» INFORMATION

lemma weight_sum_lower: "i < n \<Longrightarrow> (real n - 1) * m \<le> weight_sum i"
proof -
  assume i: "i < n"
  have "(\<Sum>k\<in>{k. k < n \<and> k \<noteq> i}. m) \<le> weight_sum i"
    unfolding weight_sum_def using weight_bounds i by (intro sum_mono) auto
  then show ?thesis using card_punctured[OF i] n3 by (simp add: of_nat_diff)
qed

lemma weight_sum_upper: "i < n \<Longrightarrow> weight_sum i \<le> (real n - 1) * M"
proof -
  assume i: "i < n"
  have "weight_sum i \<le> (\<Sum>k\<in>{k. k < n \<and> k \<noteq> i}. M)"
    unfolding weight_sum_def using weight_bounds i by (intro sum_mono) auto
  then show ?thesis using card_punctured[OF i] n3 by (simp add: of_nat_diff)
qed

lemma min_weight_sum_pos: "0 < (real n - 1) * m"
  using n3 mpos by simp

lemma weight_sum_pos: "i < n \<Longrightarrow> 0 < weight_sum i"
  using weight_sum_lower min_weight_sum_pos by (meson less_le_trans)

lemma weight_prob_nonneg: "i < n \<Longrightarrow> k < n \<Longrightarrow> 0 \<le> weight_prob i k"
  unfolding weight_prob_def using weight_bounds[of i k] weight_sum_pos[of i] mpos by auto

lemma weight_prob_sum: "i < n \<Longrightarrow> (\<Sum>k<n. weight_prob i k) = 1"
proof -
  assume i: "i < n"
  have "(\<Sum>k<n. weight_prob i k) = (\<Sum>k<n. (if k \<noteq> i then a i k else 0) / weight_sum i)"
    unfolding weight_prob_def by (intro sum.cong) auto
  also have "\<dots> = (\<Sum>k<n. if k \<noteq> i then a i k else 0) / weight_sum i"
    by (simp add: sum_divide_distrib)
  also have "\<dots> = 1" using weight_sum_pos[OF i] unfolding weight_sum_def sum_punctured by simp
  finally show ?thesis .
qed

...

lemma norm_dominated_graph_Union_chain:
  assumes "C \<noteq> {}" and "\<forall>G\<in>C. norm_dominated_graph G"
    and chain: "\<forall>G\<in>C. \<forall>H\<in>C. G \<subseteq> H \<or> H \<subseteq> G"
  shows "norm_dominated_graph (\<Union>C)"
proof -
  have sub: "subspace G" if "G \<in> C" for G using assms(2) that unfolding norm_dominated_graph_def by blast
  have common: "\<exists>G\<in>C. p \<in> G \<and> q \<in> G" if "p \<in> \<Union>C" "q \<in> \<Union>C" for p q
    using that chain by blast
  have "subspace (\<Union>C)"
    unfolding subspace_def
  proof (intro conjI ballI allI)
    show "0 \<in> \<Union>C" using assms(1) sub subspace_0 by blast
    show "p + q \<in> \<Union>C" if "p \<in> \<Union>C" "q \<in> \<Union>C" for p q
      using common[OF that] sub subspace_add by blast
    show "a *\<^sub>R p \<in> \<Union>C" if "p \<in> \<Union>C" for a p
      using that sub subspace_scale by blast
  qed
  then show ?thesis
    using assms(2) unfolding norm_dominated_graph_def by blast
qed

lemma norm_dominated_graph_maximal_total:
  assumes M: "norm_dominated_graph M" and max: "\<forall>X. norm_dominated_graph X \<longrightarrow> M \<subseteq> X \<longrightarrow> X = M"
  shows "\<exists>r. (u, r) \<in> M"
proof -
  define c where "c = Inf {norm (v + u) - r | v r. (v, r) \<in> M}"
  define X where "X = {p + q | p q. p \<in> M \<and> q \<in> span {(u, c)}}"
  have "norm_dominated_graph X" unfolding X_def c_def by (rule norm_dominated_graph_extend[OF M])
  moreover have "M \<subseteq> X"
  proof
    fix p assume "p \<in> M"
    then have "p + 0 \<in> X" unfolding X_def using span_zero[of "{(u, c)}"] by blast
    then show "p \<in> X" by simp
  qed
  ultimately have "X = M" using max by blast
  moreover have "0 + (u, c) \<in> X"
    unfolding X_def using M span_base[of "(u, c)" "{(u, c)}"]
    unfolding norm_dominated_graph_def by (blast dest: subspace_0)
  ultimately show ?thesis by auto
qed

...

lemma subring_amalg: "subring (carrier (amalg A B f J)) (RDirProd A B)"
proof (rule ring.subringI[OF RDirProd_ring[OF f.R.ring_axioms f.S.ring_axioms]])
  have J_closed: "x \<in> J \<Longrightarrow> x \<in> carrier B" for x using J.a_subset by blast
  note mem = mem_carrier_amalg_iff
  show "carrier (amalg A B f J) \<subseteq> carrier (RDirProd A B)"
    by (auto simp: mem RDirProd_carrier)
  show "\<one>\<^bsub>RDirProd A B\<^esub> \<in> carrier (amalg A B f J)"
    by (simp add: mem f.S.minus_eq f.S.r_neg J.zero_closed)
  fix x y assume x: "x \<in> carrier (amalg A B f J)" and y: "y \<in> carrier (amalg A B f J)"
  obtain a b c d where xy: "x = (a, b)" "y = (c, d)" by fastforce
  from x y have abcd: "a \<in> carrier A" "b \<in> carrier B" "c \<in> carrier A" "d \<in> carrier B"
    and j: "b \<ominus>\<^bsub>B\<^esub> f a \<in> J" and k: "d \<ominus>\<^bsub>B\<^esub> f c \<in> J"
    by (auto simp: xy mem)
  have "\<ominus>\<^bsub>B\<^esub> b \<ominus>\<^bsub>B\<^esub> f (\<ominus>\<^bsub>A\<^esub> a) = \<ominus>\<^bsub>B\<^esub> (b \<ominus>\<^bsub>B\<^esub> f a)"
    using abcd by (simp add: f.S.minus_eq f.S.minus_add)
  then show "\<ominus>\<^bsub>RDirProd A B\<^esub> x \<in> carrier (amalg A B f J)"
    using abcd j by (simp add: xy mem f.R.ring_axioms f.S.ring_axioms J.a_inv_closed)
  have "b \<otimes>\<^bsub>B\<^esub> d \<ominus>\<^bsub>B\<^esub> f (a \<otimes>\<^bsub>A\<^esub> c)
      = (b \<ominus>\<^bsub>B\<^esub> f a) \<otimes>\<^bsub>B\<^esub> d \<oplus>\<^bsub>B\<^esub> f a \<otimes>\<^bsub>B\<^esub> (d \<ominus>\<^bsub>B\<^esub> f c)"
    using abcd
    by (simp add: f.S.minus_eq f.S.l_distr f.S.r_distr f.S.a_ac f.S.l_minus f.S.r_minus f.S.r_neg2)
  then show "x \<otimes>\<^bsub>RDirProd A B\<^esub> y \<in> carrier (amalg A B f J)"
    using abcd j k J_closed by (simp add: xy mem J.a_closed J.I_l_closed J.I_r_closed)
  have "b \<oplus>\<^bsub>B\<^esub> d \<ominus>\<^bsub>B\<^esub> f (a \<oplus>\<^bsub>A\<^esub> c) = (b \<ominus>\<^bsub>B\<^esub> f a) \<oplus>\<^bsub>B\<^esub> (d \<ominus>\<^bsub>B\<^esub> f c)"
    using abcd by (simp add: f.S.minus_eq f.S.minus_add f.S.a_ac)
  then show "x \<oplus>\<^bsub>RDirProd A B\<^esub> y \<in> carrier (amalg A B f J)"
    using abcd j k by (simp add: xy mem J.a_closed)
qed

» ASSIGNMENT
Within the records above, determine how many lines contain the word "thesis". Respond with that number and no other text.

» ANSWER SPACE
5